The Paducah Power Board of Directors may have violated the Kentucky Open Meetings Law as the energy provider seeks ways to increase revenue. The publicly owned company provides power to more than 22,000 customers and is subject to open meetings law requirements.
However, on Tuesday four of the five board members participated in a conference call with a portfolio management company with whom the Kentucky Municipal Power Agency is considering a contract.
Andrea Underwood, PPS Director of Community Relations, said the company would be responsible for providing services to PPS such as dispatching its natural gas-powered peaking plant to maximize the revenue from the facility.
PPS gets the bulk of its power from Prairie State Energy Campus in Illinois, of which it is a part owner. However, the plant is failing to produce enough energy for all customers, requiring PPS to buy energy from the open market. That energy comes at a premium and is being passed on to customers in the form of a power cost adjustment (PCA). Maximizing the output of the peaking plant may ease some of the high added costs to customers.

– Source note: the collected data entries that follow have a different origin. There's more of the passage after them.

definition ordered_triples :: "'a set set \<Rightarrow> ('a \<times> 'a \<times> 'a) set" where
  "ordered_triples F = {(u,w,z). u \<noteq> w \<and> u \<noteq> z \<and> w \<noteq> z \<and> {u,w,z} \<in> F}"

lemma card_ordered_triples:
  assumes "finite F" "\<And>e. e \<in> F \<Longrightarrow> card e = 3"
  shows "card (ordered_triples F) = 6 * card F"
proof -
  have fin: "finite e" if "e \<in> F" for e
    using assms(2)[OF that] by (intro card_ge_0_finite) simp
  have "ordered_triples F = (\<Union>e\<in>F. triples e e e)"
  proof (intro equalityI subsetI)
    fix t assume "t \<in> ordered_triples F"
    then obtain u w z where "t = (u,w,z)" "u \<noteq> w" "u \<noteq> z" "w \<noteq> z" "{u,w,z} \<in> F"
      unfolding ordered_triples_def by blast
    then show "t \<in> (\<Union>e\<in>F. triples e e e)" unfolding triples_def by blast
  next
    fix t assume "t \<in> (\<Union>e\<in>F. triples e e e)"
    then obtain e where "e \<in> F" "t \<in> triples e e e" by blast
    moreover obtain u w z where "t = (u,w,z)" by (cases t)
    ultimately show "t \<in> ordered_triples F"
      using triple_in_3set_eq[OF assms(2)] by (auto simp: ordered_triples_def triples_def)
  qed
  also have "card \<dots> = (\<Sum>e\<in>F. card (triples e e e))"
  proof (rule card_UN_disjoint)
    show "\<forall>i\<in>F. \<forall>j\<in>F. i \<noteq> j \<longrightarrow> triples i i i \<inter> triples j j j = {}"
    proof (intro ballI impI equals0I)
      fix i j t assume "i \<in> F" "j \<in> F" "i \<noteq> j" "t \<in> triples i i i \<inter> triples j j j"
      then show False using triple_in_3set_eq[OF assms(2)] by (cases t) (metis IntD1 IntD2)
    qed
  qed (use assms(1) fin finite_triples in auto)
  also have "\<dots> = (\<Sum>e\<in>F. 6)"
    using assms(2) fin by (intro sum.cong) (auto simp: card_triples_same)
  finally show ?thesis by simp
qed

lemma card_nonedge_triples_rotate:
  "card (nonedge_triples E A B C) = card (nonedge_triples E C A B)"
proof -
  let ?rot = "\<lambda>(u,w,z). (z,u,w)"
  have "nonedge_triples E C A B = ?rot ` nonedge_triples E A B C"
  proof (intro equalityI subsetI)
    fix t assume "t \<in> nonedge_triples E C A B"
    then obtain z u w where "t = (z,u,w)" "(u,w,z) \<in> nonedge_triples E A B C"
      by (auto simp: nonedge_triples_def edge_triples_def triples_def insert_commute)
    then show "t \<in> ?rot ` nonedge_triples E A B C" by force
  qed (auto simp: nonedge_triples_def edge_triples_def triples_def insert_commute)
  moreover have "inj ?rot" by (auto simp: inj_def)
  ultimately show ?thesis by (metis card_image inj_on_subset subset_UNIV)
qed

lemma codeg_eq_card_third_vertices:
  assumes "three_graph V E" "u \<in> V" "w \<in> V" "u \<noteq> w"
  shows "codeg E u w = card {z \<in> V - {u,w}. {u,w,z} \<in> E}"
proof -
  have "{e \<in> E. u \<in> e \<and> w \<in> e} = (\<lambda>z. {u,w,z}) ` {z \<in> V - {u,w}. {u,w,z} \<in> E}"
  proof (intro equalityI subsetI)
    fix e assume e: "e \<in> {e \<in> E. u \<in> e \<and> w \<in> e}"
    then have "card e = 3" "e \<subseteq> V" using assms(1) unfolding three_graph_def by auto
    then have "card (e - {u,w}) = 1" using e assms(4) by (subst card_Diff_subset) auto
    then obtain z where z: "e - {u,w} = {z}" by (erule card_1_singletonE)
    then have "e = {u,w,z}" using e by auto
    then show "e \<in> (\<lambda>z. {u,w,z}) ` {z \<in> V - {u,w}. {u,w,z} \<in> E}" using z e \<open>e \<subseteq> V\<close> by auto
  qed auto
  moreover have "inj_on (\<lambda>z. {u,w,z}) {z \<in> V - {u,w}. {u,w,z} \<in> E}"
    by (auto simp: inj_on_def insert_commute)
  ultimately show ?thesis unfolding codeg_def by (simp add: card_image)
qed

lemma min_codeg_le_codeg:
  assumes "three_graph V E" "u \<in> V" "w \<in> V" "u \<noteq> w"
  shows "min_codeg V E \<le> codeg E u w"
proof -
  have "{codeg E x y | x y. x \<in> V \<and> y \<in> V \<and> x \<noteq> y} \<subseteq> (\<lambda>(x,y). codeg E x y) ` (V \<times> V)"
    by auto
  moreover have "finite V" using assms(1) unfolding three_graph_def by simp
  ultimately show ?thesis
    unfolding min_codeg_def using assms by (intro Min_le) (auto intro: finite_surj)
qed

lemma card_edge_triples_ge_min_codeg:
  assumes "three_graph V E" "A \<subseteq> V" "B \<subseteq> V"
  shows "min_codeg V E * (\<Sum>u\<in>A. card (B - {u})) \<le> card (edge_triples E A B V)"
proof -
  have fin: "finite V" "finite A" "finite B"
    using assms finite_subset unfolding three_graph_def by auto
  have "min_codeg V E * (\<Sum>u\<in>A. card (B - {u})) = (\<Sum>u\<in>A. \<Sum>w\<in>B - {u}. min_codeg V E)"
    by (simp add: sum_distrib_left mult.commute)
  also have "\<dots> \<le> (\<Sum>u\<in>A. \<Sum>w\<in>B - {u}. card {z \<in> V - {u,w}. {u,w,z} \<in> E})"
  proof (intro sum_mono)
    fix u w assume "u \<in> A" "w \<in> B - {u}"
    then have uw: "u \<in> V" "w \<in> V" "u \<noteq> w" using assms by auto
    show "min_codeg V E \<le> card {z \<in> V - {u,w}. {u,w,z} \<in> E}"
      using min_codeg_le_codeg[OF assms(1) uw] codeg_eq_card_third_vertices[OF assms(1) uw] by simp
  qed
  also have "\<dots> = card (edge_triples E A B V)"
    using card_edge_triples[OF fin(2,3,1)] by simp
  finally show ?thesis .
qed

lemma card_edge_triples_Un:
  assumes "finite A" "finite B" "finite C" "finite C'" "C \<inter> C' = {}"
  shows "card (edge_triples E A B (C \<union> C')) = card (edge_triples E A B C) + card (edge_triples E A B C')"
proof -
  have "edge_triples E A B (C \<union> C') = edge_triples E A B C \<union> edge_triples E A B C'"
    "edge_triples E A B C \<inter> edge_triples E A B C' = {}"
    using assms(5) unfolding edge_triples_def triples_def by auto
  then show ?thesis using assms by (simp add: card_Un_disjoint finite_edge_triples)
qed

lemma card_edge_triples_le_num_XXY:
  assumes "three_graph V E" "X \<inter> Y = {}"
  shows "card (edge_triples E X X Y) \<le> 6 * num_XXY E X Y"
    and "card (edge_triples E X Y X) \<le> 6 * num_XXY E X Y"
proof -
  let ?F = "{e \<in> E. card (e \<inter> X) = 2 \<and> card (e \<inter> Y) = 1}"
  let ?T = "ordered_triples ?F"
  have "finite V" "E \<subseteq> Pow V" and c3: "\<And>e. e \<in> ?F \<Longrightarrow> card e = 3"
    using assms(1) unfolding three_graph_def by auto
  then have "finite E" by (meson finite_Pow_iff finite_subset)
  have card_T: "card ?T = 6 * num_XXY E X Y"
    unfolding num_XXY_def using \<open>finite E\<close> by (intro card_ordered_triples c3) auto
  have "?T \<subseteq> V \<times> V \<times> V" using \<open>E \<subseteq> Pow V\<close> by (auto simp: ordered_triples_def)
  then have "finite ?T" using \<open>finite V\<close> by (simp add: finite_subset)
  have "edge_triples E X X Y \<subseteq> ?T"
  proof
    fix t assume "t \<in> edge_triples E X X Y"
    then obtain u w z where t: "t = (u,w,z)" "u \<in> X" "w \<in> X" "z \<in> Y" "u \<noteq> w" "{u,w,z} \<in> E"
      unfolding edge_triples_def triples_def by auto
    then have "{u,w,z} \<inter> X = {u,w}" "{u,w,z} \<inter> Y = {z}" using assms(2) by auto
    then show "t \<in> ?T" using t assms(2) by (auto simp: ordered_triples_def)
  qed
  moreover have "edge_triples E X Y X \<subseteq> ?T"
  proof
    fix t assume "t \<in> edge_triples E X Y X"
    then obtain u w z where t: "t = (u,w,z)" "u \<in> X" "w \<in> Y" "z \<in> X" "u \<noteq> z" "{u,w,z} \<in> E"
      unfolding edge_triples_def triples_def by auto
    then have "{u,w,z} \<inter> X = {u,z}" "{u,w,z} \<inter> Y = {w}" using assms(2) by auto
    then show "t \<in> ?T" using t assms(2) by (auto simp: ordered_triples_def)
  qed
  ultimately show "card (edge_triples E X X Y) \<le> 6 * num_XXY E X Y"
    "card (edge_triples E X Y X) \<le> 6 * num_XXY E X Y"
    using card_mono[OF \<open>finite ?T\<close>] card_T by auto
qed

lemma card_nonedge_triples_XXX:
  assumes "three_graph V E" "X \<inter> Y = {}" "X \<union> Y = V"
  shows "card (nonedge_triples E X X X) + min_codeg V E * (card X * (card X - 1))
         \<le> card X * (card X - 1) * (card X - 2) + 6 * num_XXY E X Y"
proof -
  have fin: "finite X" "finite Y" using assms unfolding three_graph_def by auto
  have "(\<Sum>u\<in>X. card (X - {u})) = card X * (card X - 1)"
    using fin by (simp add: sum_constant)
  then have "min_codeg V E * (card X * (card X - 1)) \<le> card (edge_triples E X X V)"
    using card_edge_triples_ge_min_codeg[OF assms(1), of X X] assms(3) by auto
  also have "\<dots> = card (edge_triples E X X X) + card (edge_triples E X X Y)"
    using card_edge_triples_Un[OF fin(1,1,1,2) assms(2)] assms(3) by simp
  finally show ?thesis
    using card_edge_triples_le_num_XXY(1)[OF assms(1,2)] card_edge_nonedge_triples[OF fin(1,1,1), of E]
      card_triples_same[OF fin(1)] by linarith
qed

lemma card_nonedge_triples_XYY:
  assumes "three_graph V E" "X \<inter> Y = {}" "X \<union> Y = V"
  shows "card (nonedge_triples E X Y Y) + min_codeg V E * (card X * card Y)
         \<le> card X * card Y * (card Y - 1) + 6 * num_XXY E X Y"
proof -
  have fin: "finite X" "finite Y" using assms unfolding three_graph_def by auto
  have "(\<Sum>u\<in>X. card (Y - {u})) = card X * card Y"
    using assms(2) by (simp add: disjoint_iff)
  then have "min_codeg V E * (card X * card Y) \<le> card (edge_triples E X Y V)"
    using card_edge_triples_ge_min_codeg[OF assms(1), of X Y] assms(3) by auto
  also have "\<dots> = card (edge_triples E X Y X) + card (edge_triples E X Y Y)"
    using card_edge_triples_Un[OF fin(1,2,1,2) assms(2)] assms(3) by simp
  finally show ?thesis
    using card_edge_triples_le_num_XXY(2)[OF assms(1,2)] card_edge_nonedge_triples[OF fin(1,2,2), of E]
      card_triples_disjoint[OF fin assms(2)] by linarith
qed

Underwood said in an email that the board took no action, nor were there motions or votes during the conference call. She said no public notice was provided. State law requires notice of public board meetings. David Clark, PPS General Manager felt the call was informational and did not fall within the Open Meetings Act.
Underwood said if there was a violation, it was unintentional.
Here is what the Open Meetings Law states, in part:
- The Open Meetings Act applies to meetings of a quorum of the members of a public agency at which public business is discussed or action is taken; a discussion of public business by a quorum of the agency’s members triggers the requirements of the Act even if no action is taken.
Underwood says the minutes for the next PPS board meeting will reflect that a conference call did occur.